Dhruv Parashar

Personal information
- Full name: Dhruv Parashar
- Born: 20 December 2004 (age 21) Pune, Maharashtra, India
- Batting: Right-handed
- Bowling: Right-arm off spin
- Role: All-rounder

International information
- National side: United Arab Emirates;
- ODI debut (cap 113): 01 November 2024 v Oman
- Last ODI: 09 November 2024 v Netherlands
- T20I debut (cap 73): 31 December 2023 v Afghanistan
- Last T20I: 21 December 2024 v Kuwait

Domestic team information
- 2025-present: Desert Vipers

Career statistics
| Competition | ODI | T20I | T20 |
| Matches | 4 | 14 | 21 |
| Runs scored | 58 | 72 | 78 |
| Batting average | 19.33 | 14.40 | 11.14 |
| 100s/50s | 0/1 | 0/0 | 0/0 |
| Top score | 50* | 17* | 17* |
| Balls bowled | 192 | 270 | 328 |
| Wickets | 5 | 18 | 19 |
| Bowling average | 18.60 | 13.61 | 16.00 |
| 5 wickets in innings | 0 | 0 | 0 |
| 10 wickets in match | 0 | 0 | 0 |
| Best bowling | 2/16 | 4/12 | 4/12 |
| Catches/stumpings | 0/– | 9/– | 9/– |
- Source: ESPNCricinfo

= Dhruv Parashar =

Indian-born cricketer

Dhruv Parashar (born 20 December 2004) is an Indian-born cricketer who plays for the United Arab Emirates national cricket team, as an all-rounder.

==Early life and education==
Parashar was born in Pune in India.
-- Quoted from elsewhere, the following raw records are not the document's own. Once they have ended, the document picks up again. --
(* Let $(\mathcal{X},W(y|x),\mathcal{Y})$ be a discrete channel, $P$ a pmf on $\mathcal{X}$, $L\ge1$, and $M\ge L+1$ integers. Let $F\colon[M]\to\mathcal{X}$ have i.i.d. values $F(m)\sim P$, and write $G=G(W)$. Then $$\Pr\{F\text{ is an }(M,L)\text{ zero-error list code for }W\}\le 1-\frac1B,$$ where $$B=\binom{M}{L+1}^{-1}2^{LI_{L+1}(G,P)}+1+\sum_{\ell=1}^L\binom{L+1}{\ell}^2\binom{M}{\ell}^{-1}2^{L\theta^{(\ell)}_{L+1}(G,P)}.$$
   Context: Notation: $[j]=\{1,\dots,j\}$, $[i:j]=\{i,\dots,j\}$; $\log$ base 2. A discrete channel has finite $\mathcal{X},\mathcal{Y}$ and pmfs $W(\cdot|x)$ on $\mathcal{Y}$. $G(W)=(\mathcal{X},\mathcal{E})$ is the hypergraph whose edges are all $e\subseteq\mathcal{X}$ with $\prod_{x\in e}W(y|x)=0$ for every $y\in\mathcal{Y}$. A map $f\colon[M]\to\mathcal{X}$ is an $(M,L)$ zero-error list code for $W$ if for every $(L+1)$-element subset $S\subseteq[M]$, $\{f(m):m\in S\}\in\mathcal{E}$. For $x_{[k]}\in\mathcal{X}^k$, $\sigma(x_{[k]})=\{x_1,\dots,x_k\}$, $P(x_S)=\prod_{j\in S}P(x_j)$. $I_{L+1}(G,P):=-\frac1L\log\sum_{x_{[L+1]}:\sigma(x_{[L+1]})\notin\mathcal{E}}P(x_{[L+1]})$ and for $\ell\in[L]$, $\theta^{(\ell)}_{L+1}(G,P):=2I_{L+1}(G,P)+\frac1L\log\sum_{x_{[\ell]}}P(x_{[\ell]})\Big[\sum_{x_{[\ell+1:L+1]}:\sigma(x_{[L+1]})\notin\mathcal{E}}P(x_{[\ell+1:L+1]})\Big]^2$. *)

theory Defs
  imports Complex_Main "HOL-Library.FuncSet"
begin

text \<open>A discrete channel: finite input type 'x, finite output type 'y,
  W x y = W(y|x), a pmf on 'y for every x.\<close>
definition discrete_channel :: "('x::finite \<Rightarrow> 'y::finite \<Rightarrow> real) \<Rightarrow> bool" where
  "discrete_channel W \<longleftrightarrow> (\<forall>x y. 0 \<le> W x y) \<and> (\<forall>x. (\<Sum>y\<in>UNIV. W x y) = 1)"
lemma GT_outer_mv_no_descendant:
  assumes "2 \<le> r" "outer_mutual_visibility_set (GT_V r) (GT_E r) S" "(c, xs) \<in> S" "length xs < r"
    and "(c', ys) \<in> GT_V r" "strict_prefix xs ys" "c' = c \<or> length ys = r"
  shows "(c', ys) \<notin> S"
proof
  assume "(c', ys) \<in> S"
  have "length xs < length ys" "take (length xs) ys = xs"
    using assms(6) by (auto simp: prefix_length_less strict_prefix_def prefix_def)
  obtain p0 where p0: "GT_walk r p0" "hd p0 = (c', ys)" "last p0 = (c, take (length xs) ys)"
    "length p0 = Suc (length ys - length xs)"
    by (rule GT_ancestor_walk[OF assms(5,7) \<open>length xs < length ys\<close>])
  txt \<open>A neighbour of \<open>(c, xs)\<close> pointing away from \<open>ys\<close>.\<close>
  define z where "z = (if xs = [] then (c, [\<not> hd ys]) else (c, butlast xs))"
  have "z \<in> GT_V r" "GT_E r (c, xs) z"
    using assms(1,4) unfolding z_def GT_E_def tree_edge_def by auto
  have "snd z \<noteq> xs"
    unfolding z_def by (cases xs rule: rev_cases) auto
  define q where "q = p0 @ [z]"
  have q: "GT_walk r q" "hd q = (c', ys)" "last q = z" "length q = length ys - length xs + 2"
    unfolding q_def using p0 walk_nonempty[OF p0(1)] \<open>z \<in> GT_V r\<close> \<open>GT_E r (c, xs) z\<close>
      \<open>length xs < length ys\<close> \<open>take (length xs) ys = xs\<close> by (simp_all add: walk_append_iff)
  have passes: "(c, xs) \<in> set p"
    if "GT_walk r p" "hd p = (c', ys)" "last p = z" "length p \<le> length q" for p
  proof (cases "xs = []")
    case True
    then show ?thesis
      using GT_short_walk_across_root_visits[OF that(1)] that(2-4) assms(1,6) q(4)
      unfolding z_def by auto
  next
    case False
    then show ?thesis
      using GT_short_walk_to_parent_visits[OF that(1) _ _ assms(6) False assms(4)] that(2-4) q(4)
      unfolding z_def by auto
  qed
  have "(c, xs) \<notin> {(c', ys), z}"
    using \<open>length xs < length ys\<close> \<open>snd z \<noteq> xs\<close> by auto
  from outer_mv_visible[OF assms(2) \<open>(c', ys) \<in> S\<close> \<open>z \<in> GT_V r\<close>] assms(3) this q(1-3) passes
  show False
    by (rule S_visible_blocked)
qed

lemma GT_short_walk_across_copies_visits:
  assumes "GT_walk r p" "hd p = (c, xs)" "last p = (\<not> c, butlast ys)"
    and "length xs = r - 1" "2 \<le> r" "prefix ys xs" "ys \<noteq> []"
    and "length p \<le> r - length ys + 3"
  shows "(\<not> c, ys) \<in> set p"
proof -
  have "length ys \<le> r - 1" "0 < length ys"
    using assms(4,6,7) prefix_length_le by fastforce+
  txt \<open>Changing copies needs a leaf; the length bound forces it to be the second vertex, and
    from there on the walk is a shortest climb.\<close>
  obtain k where k: "k < length p" "length (snd (p ! k)) = r"
    using GT_walk_between_copies_visits_leaf[OF assms(1)] assms(2,3) by auto
  have "k \<noteq> 0"
  proof
    assume "k = 0"
    then have "length xs = r"
      using k(2) assms(2) walk_hd_conv_nth[OF assms(1)] by simp
    then show False
      using assms(4,5) by simp
  qed
  moreover have "length (snd (p ! k)) \<le> length (snd (last p)) + (length p - 1 - k)"
    using GT_walk_depth_lipschitz[OF assms(1), of k "length p - 1"] k(1)
      walk_last_conv_nth[OF assms(1)] by simp
  then have "r \<le> length ys - 1 + (length p - 1 - k)"
    using k(2) assms(3) by simp
  ultimately have "k = 1"
    using assms(8) \<open>length ys \<le> r - 1\<close> \<open>0 < length ys\<close> by linarith
  define l where "l = snd (p ! 1)"
  have "p ! 0 = (c, xs)"
    using assms(2) walk_hd_conv_nth[OF assms(1)] by simp
  then have "tree_edge xs l"
    using GT_E_tree_edge[OF walk_nth_edge[OF assms(1), of 0]] k \<open>k = 1\<close> unfolding l_def
    by simp
  then have "butlast l = xs" "length l = r"
    using k(2) \<open>k = 1\<close> assms(4,5) unfolding tree_edge_def l_def by auto
  have "length ys < r"
    using \<open>length ys \<le> r - 1\<close> \<open>0 < length ys\<close> by linarith
  have "prefix xs l"
    using prefixeq_butlast[of l] \<open>butlast l = xs\<close> by simp
  with assms(6) have "prefix ys l"
    by (rule prefix_order.trans)
  with \<open>length l = r\<close> \<open>length ys < r\<close> have "strict_prefix ys l"
    by (auto simp: strict_prefix_def)
  have q: "GT_walk r (drop 1 p)" "snd (hd (drop 1 p)) = l" "last (drop 1 p) = (\<not> c, butlast ys)"
    using walk_drop[OF assms(1), of 1] k(1) \<open>k = 1\<close> assms(3) unfolding l_def
    by (simp_all add: hd_drop_conv_nth)
  have "length (drop 1 p) \<le> length l - length ys + 2"
    using assms(8) \<open>length l = r\<close> by simp
  with \<open>length ys < r\<close> have "(\<not> c, ys) \<in> set (drop 1 p)"
    by (rule GT_short_walk_to_parent_visits[OF q \<open>strict_prefix ys l\<close> assms(7)])
  then show ?thesis
    using set_drop_subset by fast
qed

lemma GT_outer_mv_no_cross_ancestor:
  assumes "2 \<le> r" "outer_mutual_visibility_set (GT_V r) (GT_E r) S" "(c, xs) \<in> S"
    and "length xs = r - 1" "prefix ys xs" "ys \<noteq> []"
  shows "(\<not> c, ys) \<notin> S"
proof
  assume "(\<not> c, ys) \<in> S"
  define z where "z = (\<not> c, butlast ys)"
  have "length ys \<le> r - 1" "0 < length ys"
    using assms(4-6) prefix_length_le by fastforce+
  then have "length (butlast ys) < r"
    using assms(1) by simp
  then have "z \<in> GT_V r"
    unfolding z_def by simp
  have leaf: "length (xs @ [False]) = r" "length ys - 1 < r"
    using assms(1,4) \<open>length ys \<le> r - 1\<close> by simp_all
  obtain p0 where p0: "GT_walk r p0" "hd p0 = (False, xs @ [False])"
    "last p0 = (\<not> c, take (length ys - 1) (xs @ [False]))" "length p0 = Suc (r - (length ys - 1))"
    by (rule GT_leaf_climb_walk[OF leaf])
  have "take (length ys - 1) (xs @ [False]) = butlast ys"
    using assms(5) \<open>length ys \<le> r - 1\<close> assms(4) by (auto simp: prefix_def butlast_conv_take)
  have "GT_E r (c, xs) (False, xs @ [False])"
    using GT_E_parent[of False xs False r c] assms(1,4) by (simp add: GT_E_sym)
  define q where "q = (c, xs) # p0"
  have q: "GT_walk r q" "hd q = (c, xs)" "last q = z" "length q = r - length ys + 3"
    unfolding q_def z_def
    using p0 walk_nonempty[OF p0(1)] \<open>GT_E r (c, xs) _\<close> \<open>take (length ys - 1) _ = _\<close>
      \<open>0 < length ys\<close> \<open>length ys \<le> r - 1\<close> assms(1,4)
    by (simp_all add: walk_Cons_iff)
  have "(\<not> c, ys) \<notin> {(c, xs), z}"
    using assms(6) unfolding z_def by (cases ys rule: rev_cases) auto
  moreover have "(\<not> c, ys) \<in> set p"
    if "GT_walk r p" "hd p = (c, xs)" "last p = z" "length p \<le> length q" for p
    using GT_short_walk_across_copies_visits[OF that(1,2) _ assms(4,1,5,6)] that(3,4) q(4)
    unfolding z_def by simp
  ultimately show False
    using S_visible_blocked[OF outer_mv_visible[OF assms(2,3) \<open>z \<in> GT_V r\<close>]
        \<open>(\<not> c, ys) \<in> S\<close>] q(1-3) by blast
qed

section \<open>Counting via canonical leaves\<close>

definition canonical_leaf :: "nat \<Rightarrow> bool \<times> bool list \<Rightarrow> bool list" where
  "canonical_leaf r v = snd v @ replicate (r - length (snd v)) (fst v)"

lemma length_canonical_leaf: "v \<in> GT_V r \<Longrightarrow> length (canonical_leaf r v) = r"
  using GT_V_depth_le[of v r] by (simp add: canonical_leaf_def)

lemma prefix_canonical_leaf: "prefix (snd v) (canonical_leaf r v)"
  by (simp add: canonical_leaf_def)

lemma nth_canonical_leaf:
  "length (snd v) \<le> i \<Longrightarrow> i < r \<Longrightarrow> canonical_leaf r v ! i = fst v"
  by (simp add: canonical_leaf_def nth_append)

lemma GT_outer_mv_canonical_leaf_depth_le:
  assumes "2 \<le> r" "outer_mutual_visibility_set (GT_V r) (GT_E r) S" "(c, xs) \<in> S" "length xs < r"
    and "(c', ys) \<in> S" "prefix xs (canonical_leaf r (c', ys))"
    and "\<And>i. length xs < i \<Longrightarrow> i < r \<Longrightarrow> canonical_leaf r (c', ys) ! i = c"
  shows "length ys \<le> length xs"
proof (rule ccontr)
  assume "\<not> length ys \<le> length xs"
  have V: "(c', ys) \<in> GT_V r"
    using assms(5) outer_mv_subset[OF assms(2)] by auto
  have "prefix xs ys"
    using prefix_length_prefix[OF assms(6) prefix_canonical_leaf[of "(c', ys)"]]
      \<open>\<not> length ys \<le> length xs\<close> by simp
  with \<open>\<not> length ys \<le> length xs\<close> have "strict_prefix xs ys"
    by (auto simp: strict_prefix_def)
  moreover have "c' = c \<or> length ys = r"
    using nth_canonical_leaf[of "(c', ys)" "length ys" r] assms(7)[of "length ys"]
      \<open>\<not> length ys \<le> length xs\<close> GT_V_depth_le[OF V] by force
  ultimately show False
    using GT_outer_mv_no_descendant[OF assms(1-4) V] assms(5) by blast
qed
He attended Wellington School, Somerset, where he played for the school's 1st XI cricket team.

==Career==
Parashar was selected for the 2023 ACC Under-19 Asia Cup, where the UAE team finished runners-up, defeating Pakistan in the semi-finals before losing to Bangladesh in the final. Shortly after this tournament, he was selected for his senior T20I debut in the home series against Afghanistan. He made his ODI debut in November 2024 during the Tri-Nation Series in Oman (also involving Netherlands) as part of the 2024-2026 Cricket World Cup League 2. Although he was out for 5 runs opening the innings, he claimed 2/16 in his 10 overs on debut. He also holds a global record of opening the batting and bowling in the same match. He is the first and youngest cricketer to do so.

In January 2023, Parashar was selected by the Desert Vipers as an injury replacement player for Ronak Panoly during the inaugural International League T20 tournament. However, he did not make his debut for Desert Vipers until the 2024/25 ILT20 tournament. He played 6 games for the franchise that season.

In January 2026, Parashar was named in UAE's squad for the 2026 T20 World Cup.